As of 0.1.2, installcheck works properly against 9.4 through 9.6. There are no known or expected issues with PostgreSQL 10, but this will be further tested. Test case failures may need to be manually reviewed in that case.

There are no changes to the extension between 0.1.0 and 0.1.2. All changes are in documentation and test case compatibility.

Conventions

The basic form of the argument list is:

grantee_role, granted_object, permissions_granted

In the case of granting to all objects in a schema, we have this divided a little more:

grantee_role, granted_schema, granted_object_type, permissions_tranted

permissions_granted is always a whitelisted text array. The other fields are always singe values.

Where the granted object has a registered entity type associated with it in all supported versions (like regclass and regprocedure) we use that registered type. This ensures that the object granted is valid, and is properly escaped during the dynamic sql generation.

API Reference

• roleman.create_role(new_rolename, [WITH attributes]) Creates a new role.

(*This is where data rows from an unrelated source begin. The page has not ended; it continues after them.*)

lemma finite_roots_of_unity_with_cot_phase_in_finite_span:
  assumes "finite U"
    and Z: "\<And>\<zeta>. \<zeta> \<in> Z \<Longrightarrow> (\<exists>n>0. \<zeta> ^ n = 1) \<and> \<zeta>\<^sup>2 \<noteq> 1 \<and> cot_phase \<zeta> \<in> rat_vs.span U"
  shows "finite Z"
proof -
  obtain M where M: "M > 0" "4 dvd M" "cot_phase ` Z \<subseteq> rat_vs.span {z. z ^ M = 1}"
    using cot_phases_in_cyclotomic_span[OF assms] .
  let ?G = "{z :: complex. z ^ M = 1}"
  have G: "finite ?G" "\<And>x y. x \<in> ?G \<Longrightarrow> y \<in> ?G \<Longrightarrow> x * y \<in> ?G" "1 \<in> ?G" "\<i> \<in> ?G"
    using M(1,2) by (simp_all add: finite_roots_unity power_mult_distrib imaginary_unit_power_4dvd)
  have "Z \<subseteq> {\<zeta>. (\<exists>n>0. \<zeta> ^ n = 1) \<and>
      (\<exists>p :: rat poly. p \<noteq> 0 \<and> degree p \<le> 2 * card ?G \<and> poly (map_poly of_rat p) \<zeta> = 0)}"
  proof
    fix \<zeta> assume "\<zeta> \<in> Z"
    then have "cot_phase \<zeta> \<in> rat_vs.span ?G"
      using M(3) by blast
    then show "\<zeta> \<in> {\<zeta>. (\<exists>n>0. \<zeta> ^ n = 1) \<and>
        (\<exists>p :: rat poly. p \<noteq> 0 \<and> degree p \<le> 2 * card ?G \<and> poly (map_poly of_rat p) \<zeta> = 0)}"
      using root_of_rat_poly_of_cot_phase_in_span[OF G] Z[OF \<open>\<zeta> \<in> Z\<close>] by simp
  qed
  then show ?thesis
    using finite_roots_of_unity_bounded_degree by (rule finite_subset)
qed

lemma sgn_nonreal: "(z :: complex) \<notin> \<real> \<Longrightarrow> sgn z \<notin> \<real>"
  by (auto simp: complex_is_Real_iff)

lemma sgn_root_of_unity_if_Arg_rational:
  assumes "z \<noteq> 0" "q \<in> \<rat>" "Arg z = q * pi"
  shows "\<exists>n>0. sgn z ^ n = 1"
proof -
  obtain k l where kl: "l > 0" "q = of_int k / of_int l"
    using assms(2) by (elim Rats_cases') blast
  have "sgn z ^ nat (2 * l) = cis (real (nat (2 * l)) * Arg z)"
    using assms(1) by (simp add: cis_Arg[symmetric] Complex.DeMoivre)
  also have "real (nat (2 * l)) * Arg z = 2 * pi * of_int k"
    using kl by (simp add: assms(3))
  also have "cis (2 * pi * of_int k) = 1"
    by (simp add: complex_eq_iff)
  finally show ?thesis
    using kl(1) by (intro exI[of _ "nat (2 * l)"]) simp
qed

lemma cot_phase_sgn:
  assumes "z \<notin> \<real>"
  shows "cot_phase (sgn z) = of_real (Re z / Im z)"
proof -
  let ?\<zeta> = "sgn z"
  have "z \<noteq> 0" "Im z \<noteq> 0" "Im ?\<zeta> \<noteq> 0"
    using assms sgn_nonreal[OF assms] by (auto simp: complex_is_Real_iff)
  have unit: "?\<zeta> * cnj ?\<zeta> = 1"
    using complex_norm_square[of ?\<zeta>] \<open>z \<noteq> 0\<close> by (simp add: norm_sgn)
  have "?\<zeta>\<^sup>2 + 1 = ?\<zeta> * (?\<zeta> + cnj ?\<zeta>)" "?\<zeta>\<^sup>2 - 1 = ?\<zeta> * (?\<zeta> - cnj ?\<zeta>)"
    using unit by (simp_all add: power2_eq_square algebra_simps)
  then have "cot_phase ?\<zeta> = \<i> * (?\<zeta> + cnj ?\<zeta>) / (?\<zeta> - cnj ?\<zeta>)"
    using \<open>z \<noteq> 0\<close> by (simp add: cot_phase_def)
  also have "\<dots> = of_real (Re ?\<zeta> / Im ?\<zeta>)"
    using \<open>Im ?\<zeta> \<noteq> 0\<close> by (simp add: complex_add_cnj complex_diff_cnj field_simps)
  also have "Re ?\<zeta> / Im ?\<zeta> = Re z / Im z"
    using \<open>z \<noteq> 0\<close> by simp
  finally show ?thesis .
qed

lemma divide_as_mult_cnj:
  assumes "v \<noteq> 0"
  shows "w / v = w * cnj v / of_real ((cmod v)\<^sup>2)"
proof -
  have "w / v = (w * cnj v) / (v * cnj v)"
    using assms by simp
  also have "v * cnj v = of_real ((cmod v)\<^sup>2)"
    by (rule complex_norm_square[symmetric])
  finally show ?thesis .
qed

lemma cot_of_ratio_in_span:
  fixes a b v1 v2 :: complex
  defines "\<beta> \<equiv> b * cnj a"
  assumes v: "v1 \<in> rat_vs.span {a, b}" "v2 \<in> rat_vs.span {a, b}" and nonreal: "v2 / v1 \<notin> \<real>"
  shows "of_real (Re (v2 / v1) / Im (v2 / v1))
    \<in> rat_vs.span (of_real ` {Re (a * cnj a) / Im \<beta>, Re (b * cnj b) / Im \<beta>, Re \<beta> / Im \<beta>})"
proof -
  obtain p q r s where v1: "v1 = of_rat p * a + of_rat q * b" and v2: "v2 = of_rat r * a + of_rat s * b"
    using v by (auto simp: rat_vs_span_pair)
  define w where "w = v2 * cnj v1"
  have "v1 \<noteq> 0"
    using nonreal by (rule nonzero_if_ratio_nonreal)
  then have ratio: "v2 / v1 = w / of_real ((cmod v1)\<^sup>2)"
    unfolding w_def by (rule divide_as_mult_cnj)
  have "(cmod v1)\<^sup>2 \<noteq> 0"
    using \<open>v1 \<noteq> 0\<close> by simp
  then have "Im w \<noteq> 0" and cot_w: "Re (v2 / v1) / Im (v2 / v1) = Re w / Im w"
    using nonreal by (simp_all add: ratio complex_is_Real_iff Re_divide_of_real Im_divide_of_real)
  define d where "d = s * p - r * q"
  have Re_w: "Re w = of_rat (r * p) * Re (a * cnj a) + of_rat (s * q) * Re (b * cnj b) + of_rat (r * q + s * p) * Re \<beta>"
    unfolding w_def v1 v2 \<beta>_def by (simp add: of_rat_mult of_rat_add algebra_simps)
  have Im_w: "Im w = of_rat d * Im \<beta>"
    unfolding w_def v1 v2 \<beta>_def d_def by (simp add: of_rat_mult of_rat_diff algebra_simps)
  have "of_rat d \<noteq> (0 :: real)" "Im \<beta> \<noteq> 0"
    using \<open>Im w \<noteq> 0\<close> by (auto simp: Im_w)
  then have "(of_rat (r * p) * X + of_rat (s * q) * Y + of_rat (r * q + s * p) * W) / (of_rat d * Im \<beta>)
      = of_rat (r * p / d) * (X / Im \<beta>) + of_rat (s * q / d) * (Y / Im \<beta>) + of_rat ((r * q + s * p) / d) * (W / Im \<beta>)"
    for X Y W :: real
    by (simp add: of_rat_divide field_simps)
  then have "Re w / Im w = of_rat (r * p / d) * (Re (a * cnj a) / Im \<beta>) + of_rat (s * q / d) * (Re (b * cnj b) / Im \<beta>)
      + of_rat ((r * q + s * p) / d) * (Re \<beta> / Im \<beta>)"
    unfolding Re_w Im_w .
  then have eq: "complex_of_real (Re (v2 / v1) / Im (v2 / v1)) =
      of_rat (r * p / d) * of_real (Re (a * cnj a) / Im \<beta>) + of_rat (s * q / d) * of_real (Re (b * cnj b) / Im \<beta>)
      + of_rat ((r * q + s * p) / d) * of_real (Re \<beta> / Im \<beta>)"
    unfolding cot_w by (simp only: of_real_add of_real_mult complex_of_real_of_rat[symmetric])
  show ?thesis
    unfolding eq by (intro rat_vs.span_add rat_vs.span_scale rat_vs.span_base) auto
qed

definition rational_angle_phases :: "complex set \<Rightarrow> complex set" where
  "rational_angle_phases V =
    {sgn (v2 / v1) | v1 v2. v1 \<in> V \<and> v2 \<in> V \<and> v2 / v1 \<notin> \<real> \<and> (\<exists>q\<in>\<rat>. Arg (v2 / v1) = q * pi)}"

lemma rational_angle_phase_nonreal: "\<zeta> \<in> rational_angle_phases V \<Longrightarrow> \<zeta> \<notin> \<real>"
  unfolding rational_angle_phases_def using sgn_nonreal by blast

lemma finite_rational_angle_phases:
  assumes V: "V = rat_vs.span {a, b}"
  shows "finite (rational_angle_phases V)"
  unfolding rational_angle_phases_def
proof (rule finite_roots_of_unity_with_cot_phase_in_finite_span)
  define \<beta> where "\<beta> = b * cnj a"
  let ?U = "of_real ` {Re (a * cnj a) / Im \<beta>, Re (b * cnj b) / Im \<beta>, Re \<beta> / Im \<beta>} :: complex set"
  show "finite ?U"
    by simp
  fix \<zeta>
  assume "\<zeta> \<in> {sgn (v2 / v1) | v1 v2. v1 \<in> V \<and> v2 \<in> V \<and> v2 / v1 \<notin> \<real> \<and> (\<exists>q\<in>\<rat>. Arg (v2 / v1) = q * pi)}"
  then obtain v1 v2 q where v: "v1 \<in> V" "v2 \<in> V" "v2 / v1 \<notin> \<real>" "q \<in> \<rat>" "Arg (v2 / v1) = q * pi"
    and \<zeta>: "\<zeta> = sgn (v2 / v1)"
    by blast
  have "v2 / v1 \<noteq> 0"
    using v(3) by auto
  show "(\<exists>n>0. \<zeta> ^ n = 1) \<and> \<zeta>\<^sup>2 \<noteq> 1 \<and> cot_phase \<zeta> \<in> rat_vs.span ?U"
    unfolding \<zeta> cot_phase_sgn[OF v(3)]
    using sgn_root_of_unity_if_Arg_rational[OF \<open>v2 / v1 \<noteq> 0\<close> v(4,5)] sgn_nonreal[OF v(3)]
      cot_of_ratio_in_span[of v1 a b v2, folded \<beta>_def] v(1-3) V
    by (auto simp: power2_eq_1_iff)
qed

section \<open>Lines of a space\<close>

lemma rline_scale:
  assumes "t \<noteq> 0"
  shows "rline (of_real t * u) = rline u"
proof (intro equalityI subsetI)
  fix x assume "x \<in> rline (of_real t * u)"
  then obtain s where "x = of_real s * (of_real t * u)"
    by (auto simp: rline_def)
  then have "x = of_real (s * t) * u"
    by simp
  then show "x \<in> rline u"
    unfolding rline_def by blast
next
  fix x assume "x \<in> rline u"
  then obtain s where "x = of_real s * u"
    by (auto simp: rline_def)
  then have "x = of_real (s / t) * (of_real t * u)"
    using assms by simp
  then show "x \<in> rline (of_real t * u)"
    unfolding rline_def by blast
qed

lemma rline_mult: "rline (c * u) = (\<lambda>x. c * x) ` rline u"
  unfolding rline_def by (auto simp: algebra_simps)

lemma rline_eq_if_ratio_real:
  assumes "v \<noteq> 0" "w \<noteq> 0" "w / v \<in> \<real>"
  shows "rline w = rline v"
proof -
  obtain t where t: "w / v = of_real t"
    using assms(3) by (auto elim: Reals_cases)
  then have "w = of_real t * v" "t \<noteq> 0"
    using assms(1,2) by (auto simp: field_simps)
  then show ?thesis
    by (simp add: rline_scale)
qed

lemma sgn_ratio_mult:
  assumes "v \<noteq> 0" "w \<noteq> 0"
  shows "sgn (w / v) * v = of_real (cmod v / cmod w) * w"
  using assms by (simp add: sgn_eq norm_divide field_simps)

lemma rline_sgn_ratio:
  assumes "v \<noteq> 0" "w \<noteq> 0"
  shows "rline w = (\<lambda>x. sgn (w / v) * x) ` rline v"
proof -
  have "rline w = rline (of_real (cmod v / cmod w) * w)"
    using assms by (intro rline_scale[symmetric]) simp
  also have "\<dots> = rline (sgn (w / v) * v)"
    by (simp only: sgn_ratio_mult[OF assms])
  finally show ?thesis
    by (simp only: rline_mult)
qed

lemma is_CM_if_mult_preserves_basis:
  assumes V: "V = rat_vs.span {a, b}" and v: "v1 \<in> V" "v2 \<in> V" "v2 / v1 \<notin> \<real>"
    and \<mu>: "\<mu> \<notin> \<real>" "\<mu> * v1 \<in> V" "\<mu> * v2 \<in> V"
  shows "is_CM V"
proof -
  have "V \<subseteq> rat_vs.span {v1, v2}"
    using rat_vs_span_pair_subset v V by simp
  also have "rat_vs.span {v1, v2} \<subseteq> {x. \<mu> * x \<in> V}"
    by (rule rat_vs.span_minimal) (use \<mu>(2,3) V rat_vs_subspace_mult[OF rat_vs.subspace_span] in auto)
  finally have "(\<lambda>x. \<mu> * x) ` V \<subseteq> V"
    by blast
  moreover have "\<mu> \<notin> \<rat>"
    using \<mu>(1) by (metis Rats_cases Reals_of_real complex_of_real_of_rat)
  ultimately show ?thesis
    unfolding is_CM_def by blast
qed

lemma nonreal_ratio_after_rotation:
  fixes \<zeta> v1 v2 w1 w2 :: complex
  assumes "v2 / v1 \<notin> \<real>" "\<zeta> \<noteq> 0" "\<zeta> * v1 = of_real \<alpha>1 * w1" "\<zeta> * v2 = of_real \<alpha>2 * w2"
  shows "w2 / w1 \<notin> \<real>"
proof -
  have "v1 \<noteq> 0" "v2 \<noteq> 0"
    using assms(1) by auto
  then have "\<alpha>1 \<noteq> 0" "\<alpha>2 \<noteq> 0" "w1 \<noteq> 0"
    using assms(2-4) by auto
  have v12: "v1 = of_real \<alpha>1 * w1 / \<zeta>" "v2 = of_real \<alpha>2 * w2 / \<zeta>"
    using assms(2-4) by (metis nonzero_mult_div_cancel_left)+
  have "v2 / v1 = of_real (\<alpha>2 / \<alpha>1) * (w2 / w1)"
    unfolding v12 using assms(2) \<open>\<alpha>1 \<noteq> 0\<close> \<open>w1 \<noteq> 0\<close> by (simp add: field_simps)
  then show ?thesis
    using assms(1) by (metis Reals_mult Reals_of_real)
qed

lemma rational_scaling_ratio:
  fixes \<zeta> v1 v2 v3 w1 w2 w3 :: complex
  assumes w: "w2 / w1 \<notin> \<real>"
    and rot: "\<zeta> * v1 = of_real \<alpha>1 * w1" "\<zeta> * v2 = of_real \<alpha>2 * w2" "\<zeta> * v3 = of_real \<alpha>3 * w3"
    and xy: "v3 = of_rat x * v1 + of_rat y * v2" "x \<noteq> 0" "y \<noteq> 0"
    and mn: "w3 = of_rat m * w1 + of_rat n * w2" and "\<alpha>1 \<noteq> 0"
  shows "\<alpha>2 = of_rat (n * x / (m * y)) * \<alpha>1"
proof -
  have "of_real (of_rat x * \<alpha>1 - \<alpha>3 * of_rat m) * w1 + of_real (of_rat y * \<alpha>2 - \<alpha>3 * of_rat n) * w2
      = of_rat x * (\<zeta> * v1) + of_rat y * (\<zeta> * v2) - of_real \<alpha>3 * w3"
    unfolding rot mn by (simp add: algebra_simps)
  also have "\<dots> = 0"
    using rot(3) by (simp add: xy(1) algebra_simps)
  finally have "of_rat x * \<alpha>1 - \<alpha>3 * of_rat m = 0 \<and> of_rat y * \<alpha>2 - \<alpha>3 * of_rat n = 0"
    by (rule real_combination_eq_0[OF w])
  then have e1: "of_rat x * \<alpha>1 = \<alpha>3 * of_rat m" and e2: "of_rat y * \<alpha>2 = \<alpha>3 * of_rat n"
    by simp_all
  have "m \<noteq> 0"
    using e1 xy(2) \<open>\<alpha>1 \<noteq> 0\<close> by auto
  have "of_rat (n * x / (m * y)) * \<alpha>1 = of_rat n * (of_rat x * \<alpha>1) / (of_rat m * of_rat y)"
    by (simp add: of_rat_mult of_rat_divide)
  also have "\<dots> = \<alpha>3 * of_rat n / of_rat y"
    using \<open>m \<noteq> 0\<close> by (simp add: e1)
  also have "\<dots> = \<alpha>2"
    using e2 xy(3) by (simp add: field_simps)
  finally show ?thesis
    by simp
qed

Note that WITH does NOT support setting passwords

• roleman.alter_base(rolename, WITH attribute) applies the requested WITH attributes via ALTER user.

• roleman.set_password(rolename, password [, valid_until]) Sets a role's password. If valid_until is not set, it is set until 'infinity'

• roleman.blank_permissions(rolename) Removes all permissions for a role within the current database.

• roleman.grant_db(rolename, databasename, permissions) Permissions may be any of all, temp, create, and connect

• roleman.grant_schema(rolename, schemaname, permissions) Permissions may be usage, create, and all

• roleman.grant_schema_all(rolename, schemaname, object_type, permissions) Grants permissions ON ALL object_typw IN SCHEMA Permissions are whitelisted to all keywords but if you grant execute on a table you should expect an error

• roleman.grant_table(rolename, tablename, permissions) Permissions must be all, select, update, insert, and/or delete

• roleman.grant_function(rolename, tablename, permissions) permissions must be all or execute

• roleman.grant_sequence(rolename, tablename, permissions) Permissions must be all or usage

• roleman.drop_role(rolename)

Major Uses

• Integrate role management functions into SQL queries.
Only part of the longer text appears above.